Figure 7. Testing the quantal character of the single, first and second spikes recorded at voltage stimuli to 0 mV

A, a histogram of the relative occurrence of primary spikes (white) with different quantal contents. The best fit of the data with eqn (7) (n_q = 182, p_A = 0.0060) is shown by black columns. B, the histogram of relative occurrences of second spikes with different quantal contents (white). The best fit of the data with eqn (7) (n_q = 182, p_A = 0.003) is shown as black bars. In B and C, a similar fit could be obtained for n_q = 47–200. C, the goodness of fit, expressed as χ²/df, for description of the amplitude distribution of single/first (filled symbols) and second spikes (open symbols). The lines show the value of n_q at which the fits are accepted by the χ² test at P = 0.05 (continuous and dashed for primary and second spikes, respectively). D, the fraction of primary spikes of the respective quantal content that were followed by a second spike. The best fit with eqn (8) (p_refr = 0.70) is shown by black bars.

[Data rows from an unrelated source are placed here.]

lemma is_arc_finite_dist:
  assumes em: "ext_metric X d" and A: "is_arc X d x y A" and z: "z \<in> A"
  shows "d x z < \<infinity>"
proof -
  obtain \<gamma> :: "real \<Rightarrow> 'a" where g: "\<gamma> ` {0..1} = A" "A \<subseteq> X" "\<gamma> 0 = x" "ext_continuous_on {0..1} d \<gamma>"
    using is_arcE[OF A] by metis
  have gX: "\<gamma> t \<in> X" if "t \<in> {0..1}" for t using g(1,2) that by blast
  obtain t where t: "t \<in> {0..1}" "z = \<gamma> t" using g(1) z by blast
  have "d (\<gamma> 0) (\<gamma> t) < \<infinity>"
  proof (rule connected_equivalence_relation[OF connected_Icc, where R = "\<lambda>s t. d (\<gamma> s) (\<gamma> t) < \<infinity>"])
    show "0 \<in> {0..1::real}" "t \<in> {0..1}" using t by auto
    show "d (\<gamma> u) (\<gamma> s) < \<infinity>" if "d (\<gamma> s) (\<gamma> u) < \<infinity>" "s \<in> {0..1}" "u \<in> {0..1}" for s u
      using that(1) ext_metric_sym[OF em gX[OF that(2)] gX[OF that(3)]] by simp
    show "d (\<gamma> s) (\<gamma> w) < \<infinity>"
      if "d (\<gamma> s) (\<gamma> u) < \<infinity>" "d (\<gamma> u) (\<gamma> w) < \<infinity>" "s \<in> {0..1}" "u \<in> {0..1}" "w \<in> {0..1}"
      for s u w
      using ext_metric_finite_trans[OF em gX[OF that(3)] gX[OF that(4)] gX[OF that(5)] that(1,2)] .
    fix a :: real assume a: "a \<in> {0..1}"
    obtain \<delta> where \<delta>: "\<delta> > 0" "\<forall>s\<in>{0..1}. \<bar>s - a\<bar> < \<delta> \<longrightarrow> d (\<gamma> s) (\<gamma> a) < ennreal 1"
      using g(4) a unfolding ext_continuous_on_def by (meson zero_less_one)
    have near: "d (\<gamma> a) (\<gamma> s) < \<infinity>" if s: "s \<in> {0..1} \<inter> ball a \<delta>" for s
    proof -
      have "dist s a < \<delta>" using s by (simp add: dist_commute)
      then have lt1: "d (\<gamma> s) (\<gamma> a) < ennreal 1" using \<delta>(2) s by (simp add: dist_real_def)
      have "d (\<gamma> s) (\<gamma> a) < \<infinity>" using order.strict_trans[OF lt1 ennreal_less_top] by simp
      moreover have "s \<in> {0..1}" using s by blast
      ultimately show ?thesis using ext_metric_sym[OF em gX[OF a] gX] by simp
    qed
    show "\<exists>T. openin (top_of_set {0..1}) T \<and> a \<in> T \<and> (\<forall>s\<in>T. d (\<gamma> a) (\<gamma> s) < \<infinity>)"
    proof (intro exI conjI)
      show "openin (top_of_set {0..1}) ({0..1} \<inter> ball a \<delta>)" by (rule openin_open_Int[OF open_ball])
      show "a \<in> {0..1} \<inter> ball a \<delta>" using a \<delta>(1) by simp
    qed (use near in blast)
  qed
  then show ?thesis using g(3) t by simp
qed
lemma momentum_equation_slab:
  fixes u :: "real \<Rightarrow> sp \<Rightarrow> real ^ 3" and P :: "real \<Rightarrow> sp \<Rightarrow> real"
  assumes U: "\<And>j. (\<lambda>(s, x). u s x $ j) \<in> Alg" and P: "(\<lambda>(s, x). P s x) \<in> Alg" and t: "t > 0"
    and NS: "vector_derivative (\<lambda>s. u s x) (at t) + advect (u t) (u t) x + grad (P t) x
      = \<mu> *\<^sub>R vlapl (u t) x + f"
  shows "dt (\<lambda>(s, x). u s x $ j) (t, x) + (\<Sum>i\<in>UNIV. u t x $ i * dx i (\<lambda>(s, x). u s x $ j) (t, x))
      + dx j (\<lambda>(s, x). P s x) (t, x) = \<mu> * lapl_st (\<lambda>(s, x). u s x $ j) (t, x) + f $ j"
proof -
  have "vector_derivative (\<lambda>s. u s x) (at t) = (\<chi> j. dt (\<lambda>(s, x). u s x $ j) (t, x))"
    using has_real_derivative_time[OF U t] by (intro vector_derivative_componentwise) simp
  moreover have "advect (u t) (u t) x $ j = (\<Sum>i\<in>UNIV. u t x $ i * dx i (\<lambda>(s, x). u s x $ j) (t, x))"
    using pd_slice[OF U t] by (simp add: advect_def)
  moreover have "grad (P t) x $ j = dx j (\<lambda>(s, x). P s x) (t, x)"
    using grad_slice[OF P t] by simp
  moreover have "vlapl (u t) x $ j = lapl_st (\<lambda>(s, x). u s x $ j) (t, x)"
    using lapl_slice[OF U t] by (simp add: vlapl_def)
  ultimately show ?thesis
    using arg_cong[where f="\<lambda>v. v $ j", OF NS] by simp
qed

lemma energy_dissipation:
  fixes u :: "real \<Rightarrow> sp \<Rightarrow> real ^ 3" and P \<phi> :: "real \<Rightarrow> sp \<Rightarrow> real"
  assumes U: "\<And>j. (\<lambda>(s, x). u s x $ j) \<in> Alg" and P: "(\<lambda>(s, x). P s x) \<in> Alg"
    and \<Phi>: "(\<lambda>(s, x). \<phi> s x) \<in> Alg"
    and per: "\<forall>s>0. periodic (u s) \<and> periodic (P s) \<and> periodic (\<phi> s)"
    and t: "t > 0" and \<epsilon>: "\<epsilon> \<noteq> 0"
    and NS: "\<forall>x. vector_derivative (\<lambda>s. u s x) (at t) + advect (u t) (u t) x + grad (P t) x
      = \<mu> *\<^sub>R vlapl (u t) x + dEop k \<epsilon> M1 M2 \<alpha> \<beta> (\<phi> t) x *\<^sub>R grad (\<phi> t) x"
    and incompr: "\<forall>x. divg (u t) x = 0"
    and PF: "\<forall>x. deriv (\<lambda>s. \<phi> s x) t + u t x \<bullet> grad (\<phi> t) x = - \<gamma> * dEop k \<epsilon> M1 M2 \<alpha> \<beta> (\<phi> t) x"
  shows "((\<lambda>s. 1/2 * L2sqv (u s) + Eop k \<epsilon> M1 M2 \<alpha> \<beta> (\<phi> s)) has_real_derivative
      - (\<mu> * gradL2sqv (u t) + \<gamma> * L2sq (dEop k \<epsilon> M1 M2 \<alpha> \<beta> (\<phi> t)))) (at t)"
proof -
  define U where "U j = (\<lambda>(s, x). u s x $ j)" for j
  define Pf where "Pf = (\<lambda>(s, x). P s x)"
  define \<Phi>f where "\<Phi>f = (\<lambda>(s, x). \<phi> s x)"
  have mem: "U j \<in> Alg" "Pf \<in> Alg" "\<Phi>f \<in> Alg" for j
    using U P \<Phi> by (simp_all add: U_def Pf_def \<Phi>f_def)
  have per_st: "periodic_st (U j)" "periodic_st Pf" "periodic_st \<Phi>f" for j
    using per by (simp_all add: periodic_st_def periodic_def U_def Pf_def \<Phi>f_def)
  have slice: "(\<lambda>x. U j (s, x)) = (\<lambda>x. u s x $ j)" "(\<lambda>x. Pf (s, x)) = P s" "(\<lambda>x. \<Phi>f (s, x)) = \<phi> s"
    for s j by (simp_all add: U_def Pf_def \<Phi>f_def)
  have pd_u: "pd i (\<lambda>y. u t y $ j) = (\<lambda>x. dx i (U j) (t, x))" for i j
    using pd_slice[OF mem(1) t] by (simp add: slice)
  have grad_\<phi>: "grad (\<phi> t) x $ j = dx j \<Phi>f (t, x)" for x j
    using grad_slice[OF mem(3) t] by (simp add: slice)
  have dE: "dEop k \<epsilon> M1 M2 \<alpha> \<beta> (\<phi> t) x = dEop_st k \<epsilon> M1 M2 \<alpha> \<beta> \<Phi>f t (t, x)" for x
    using dEop_slice[OF mem(3) t] by (simp add: slice)
  have NS_st: "dt (U j) (t, x) + (\<Sum>i\<in>UNIV. U i (t, x) * dx i (U j) (t, x)) + dx j Pf (t, x)
      = \<mu> * lapl_st (U j) (t, x) + dEop_st k \<epsilon> M1 M2 \<alpha> \<beta> \<Phi>f t (t, x) * dx j \<Phi>f (t, x)" for j x
    using momentum_equation_slab[OF U P t NS[rule_format, of x], of j]
    by (simp add: U_def Pf_def grad_\<phi> dE)
  have div_st: "(\<Sum>i\<in>UNIV. dx i (U i) (t, x)) = 0" for x
    using incompr by (simp add: divg_def pd_u)
  have PF_st: "dt \<Phi>f (t, x) + (\<Sum>i\<in>UNIV. U i (t, x) * dx i \<Phi>f (t, x)) = - \<gamma> * dEop_st k \<epsilon> M1 M2 \<alpha> \<beta> \<Phi>f t (t, x)"
    for x
  proof -
    have "deriv (\<lambda>s. \<phi> s x) t = dt \<Phi>f (t, x)"
      using DERIV_imp_deriv[OF has_real_derivative_time[OF mem(3) t]] by (simp add: \<Phi>f_def)
    then show ?thesis
      using PF[rule_format, of x] by (simp add: inner_vec_def grad_\<phi> dE U_def)
  qed
  have energy: "1/2 * L2sqv (u s) + Eop k \<epsilon> M1 M2 \<alpha> \<beta> (\<phi> s)
      = 1/2 * cell_integral s (\<lambda>p. \<Sum>j\<in>UNIV. (U j p)\<^sup>2)
        + (k/(2*\<epsilon>) * cell_integral s (\<lambda>p. (fop_st \<epsilon> \<Phi>f p)\<^sup>2)
        + 1/2 * M1 * (cell_integral s \<Phi>f - \<alpha>)\<^sup>2 + 1/2 * M2 * (cell_integral s (Bdens_st \<epsilon> \<Phi>f) - \<beta>)\<^sup>2)"
    if "s > 0" for s
    using Eop_slice[OF mem(3) that] by (simp add: slice L2sqv_def cell_integral_def power2_norm_vec U_def)
  have gradL2sqv: "gradL2sqv (u t) = cell_integral t (\<lambda>p. \<Sum>j\<in>UNIV. \<Sum>i\<in>UNIV. (dx i (U j) p)\<^sup>2)"
    by (simp add: gradL2sqv_def cell_integral_def grad_def pd_u power2_norm_vec)
  have L2sq: "L2sq (dEop k \<epsilon> M1 M2 \<alpha> \<beta> (\<phi> t)) = cell_integral t (\<lambda>p. (dEop_st k \<epsilon> M1 M2 \<alpha> \<beta> \<Phi>f t p)\<^sup>2)"
    by (simp add: L2sq_def cell_integral_def dE)
  show ?thesis
    unfolding gradL2sqv L2sq
    using energy_dissipation_st[OF mem(1) per_st(1) mem(2) per_st(2) mem(3) per_st(3) t \<epsilon> div_st NS_st PF_st]
  proof (rule has_field_derivative_transform_within_open[OF _ open_greaterThan[of 0]])
    show "t \<in> {0<..}" using t by simp
  qed (simp only: energy greaterThan_iff)
qed

end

Figure 8. Properties of calcium spikes evoked by threshold stimuli

A, the estimated latencies and amplitudes of all calcium spikes evoked by depolarisation to −35 mV. The single, first and second spikes are indicated in white, green and red symbols, respectively. B, white columns represent the amplitude distribution of the primary spikes evoked by depolarization to –35 mV. Black bars show the best theoretical amplitude distribution with 3 equidistant amplitude levels (see Results).